Her Journey From A Village In Brazil To Running A VC Backed Startup In SF: Sarah Lucena of Mappa AI
Why It Matters
Voice‑AI hiring promises to cut costly mis‑hires and showcases how immigrant founders can translate cross‑border experience into scalable tech solutions.
Key Takeaways
- •MAPA.ai uses voice AI to assess behavioral compatibility for hiring.
- •Seed round raised $3.4M led by Draper Associates, nine VCs.
- •Technology built on 40 years of academic research and proprietary data.
- •Immigrant founder Sarah Lucena leveraged Brazil‑Uruguay experience to launch in SF.
- •Product offers end‑to‑end hiring workflow, including candidate behavioral reports.
Summary
The How Raiser podcast featured Sarah Lucena, founder of MAPA.ai, a San‑Francisco startup that analyzes voice recordings to extract behavioral biomarkers and match candidates with jobs.

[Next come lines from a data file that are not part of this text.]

(* Let $\mu$ be a shift-invariant Borel probability measure on $\Sigma^\mathbb{Z}$ and for $c,d\in\mathtt{CA}$ define $\delta^\mu_B(c,d)=\int_{\Sigma^\mathbb{Z}}d_B(c(x),d(x))\,d\mu(x)$. Then $\delta^\mu_B(c,d)=\delta^\mu(c,d)$ for all $c,d\in\mathtt{CA}$.
   Context: $\Sigma$ is a finite alphabet with $|\Sigma|\ge2$. A cellular automaton (CA) is a continuous map $\Sigma^\mathbb{Z}\to\Sigma^\mathbb{Z}$ commuting with the shift $\sigma(x)_i=x_{i+1}$; $\mathtt{CA}$ is the set of all CA. The Besicovitch distance is $d_B(x,y)=\limsup_{n\to\infty}\frac{|\{i:|i|\le n,\ x_i\ne y_i\}|}{2n+1}$. $\mu$ is shift-invariant if $\mu(\sigma(C))=\mu(C)$ for all Borel $C$. $\delta^\mu(c,d)=\mu(\{x\mid c(x)_0\ne d(x)_0\})$. *)

theory Defs
  imports "HOL-Probability.Probability"
begin

definition shift_top :: "(int \<Rightarrow> 'a) topology" where
  "shift_top = product_topology (\<lambda>_. discrete_topology UNIV) UNIV"

definition shift :: "(int \<Rightarrow> 'a) \<Rightarrow> (int \<Rightarrow> 'a)" where
  "shift x = (\<lambda>i. x (i + 1))"

definition is_CA :: "((int \<Rightarrow> 'a) \<Rightarrow> (int \<Rightarrow> 'a)) \<Rightarrow> bool" where
  "is_CA F \<longleftrightarrow> continuous_map shift_top shift_top F \<and> (\<forall>x. F (shift x) = shift (F x))"

definition shift_borel :: "(int \<Rightarrow> 'a) set set" where
  "shift_borel = sigma_sets UNIV {U. openin shift_top U}"

definition besicovitch :: "(int \<Rightarrow> 'a) \<Rightarrow> (int \<Rightarrow> 'a) \<Rightarrow> real" where
  "besicovitch x y = real_of_ereal (limsup (\<lambda>n::nat.
      ereal (real (card {i::int. \<bar>i\<bar> \<le> int n \<and> x i \<noteq> y i}) / (2 * real n + 1))))"

definition shift_invariant :: "(int \<Rightarrow> 'a) measure \<Rightarrow> bool" where
  "shift_invariant M \<longleftrightarrow> (\<forall>C \<in> sets M. emeasure M (shift ` C) = emeasure M C)"

end

theory Submission
  imports Defs
begin

text \<open>
  Let E be the set of configurations x with c x 0 \<noteq> d x 0 and g its indicator.
  Since c and d commute with the shift, the density of disagreements of c x and d x on the
  window [-n, n] is a two-sided ergodic average of g along the orbit of x, so
  besicovitch (c x) (d x) is the limsup of these averages. No ergodicity is assumed, and
  none is needed: for a measure-preserving map T the integral of the limsup of the Birkhoff
  averages of a [0,1]-valued function g is at most the integral of g (a maximal inequality
  proved by a covering of orbit segments by good blocks). A two-sided average is eventually
  bounded by the mean of the forward and backward averages, so the same bound holds for the
  two-sided limsup; applied to 1 - g as well, and using that the two limsups add up to at
  least 1, it turns into an equality.
\<close>

text \<open>The limsup of a real sequence as a real number; it is used for [0,1]-valued
  sequences only, where no information is lost.\<close>
definition Lsup :: "(nat \<Rightarrow> real) \<Rightarrow> real" where
  "Lsup u = real_of_ereal (limsup (\<lambda>n. ereal (u n)))"

lemma Lsup_ereal:
  assumes "\<And>n. 0 \<le> u n \<and> u n \<le> 1"
  shows "limsup (\<lambda>n. ereal (u n)) = ereal (Lsup u)" "0 \<le> Lsup u" "Lsup u \<le> 1"
proof -
  have "limsup (\<lambda>n. ereal (u n)) \<le> ereal 1"
    by (rule Limsup_bounded) (use assms in auto)
  moreover have "ereal 0 \<le> limsup (\<lambda>n. ereal (u n))"
    by (rule le_Limsup) (use assms in auto)
  ultimately obtain r where "limsup (\<lambda>n. ereal (u n)) = ereal r" "0 \<le> r" "r \<le> 1"
    by (cases "limsup (\<lambda>n. ereal (u n))") auto
  then show "limsup (\<lambda>n. ereal (u n)) = ereal (Lsup u)" "0 \<le> Lsup u" "Lsup u \<le> 1"
    by (auto simp: Lsup_def)
qed

lemma Lsup_le:
  assumes "\<And>n. 0 \<le> u n \<and> u n \<le> 1" and "eventually (\<lambda>n. u n \<le> C) sequentially"
  shows "Lsup u \<le> C"
proof -
  have "limsup (\<lambda>n. ereal (u n)) \<le> ereal C"
    by (rule Limsup_bounded) (use assms(2) in \<open>auto elim: eventually_mono\<close>)
  then show ?thesis using Lsup_ereal(1)[OF assms(1)] by simp
qed

lemma Lsup_less:
  assumes "\<And>n. 0 \<le> u n \<and> u n \<le> 1" and "Lsup u < C"
  shows "eventually (\<lambda>n. u n < C) sequentially"
proof -
  have "limsup (\<lambda>n. ereal (u n)) < ereal C" using Lsup_ereal(1)[OF assms(1)] assms(2) by simp
  from Limsup_lessD[OF this] show ?thesis by (auto elim: eventually_mono)
qed

lemma Lsup_frequently_close:
  assumes "\<And>n. 0 \<le> u n \<and> u n \<le> 1" and "e > 0"
  shows "\<exists>n\<ge>1. u n \<ge> Lsup u - e"
proof (rule ccontr)
  assume "\<not> ?thesis"
  then have "eventually (\<lambda>n. u n \<le> Lsup u - e) sequentially"
    by (intro eventually_sequentiallyI[of 1]) auto
  then have "Lsup u \<le> Lsup u - e" by (rule Lsup_le[OF assms(1)])
  then show False using assms(2) by simp
qed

MAPA’s platform translates speech patterns—verb density, tense usage, pitch, pauses—into a compatibility score, allowing hiring managers to screen entire pipelines within 72 hours. The technology rests on more than 40 years of academic research from institutions such as Kyoto University and proprietary datasets, distinguishing it from generic large‑language models.
Lucena, who grew up in a small town in northern Brazil, built a career in performance marketing and fintech operations across Brazil and Uruguay before moving to the U.S. She highlighted that voice reveals subconscious traits more reliably than video, and that candidates also receive their own behavioral report, ensuring a two‑way fit.
The $3.4 million seed round led by Draper Associates validates investor confidence in voice‑AI for HR, while Lucena’s immigrant narrative underscores the growing global talent pipeline feeding Silicon Valley. Companies adopting MAPA could reduce bad hires, cut interview costs, and gain data‑driven insights into team dynamics.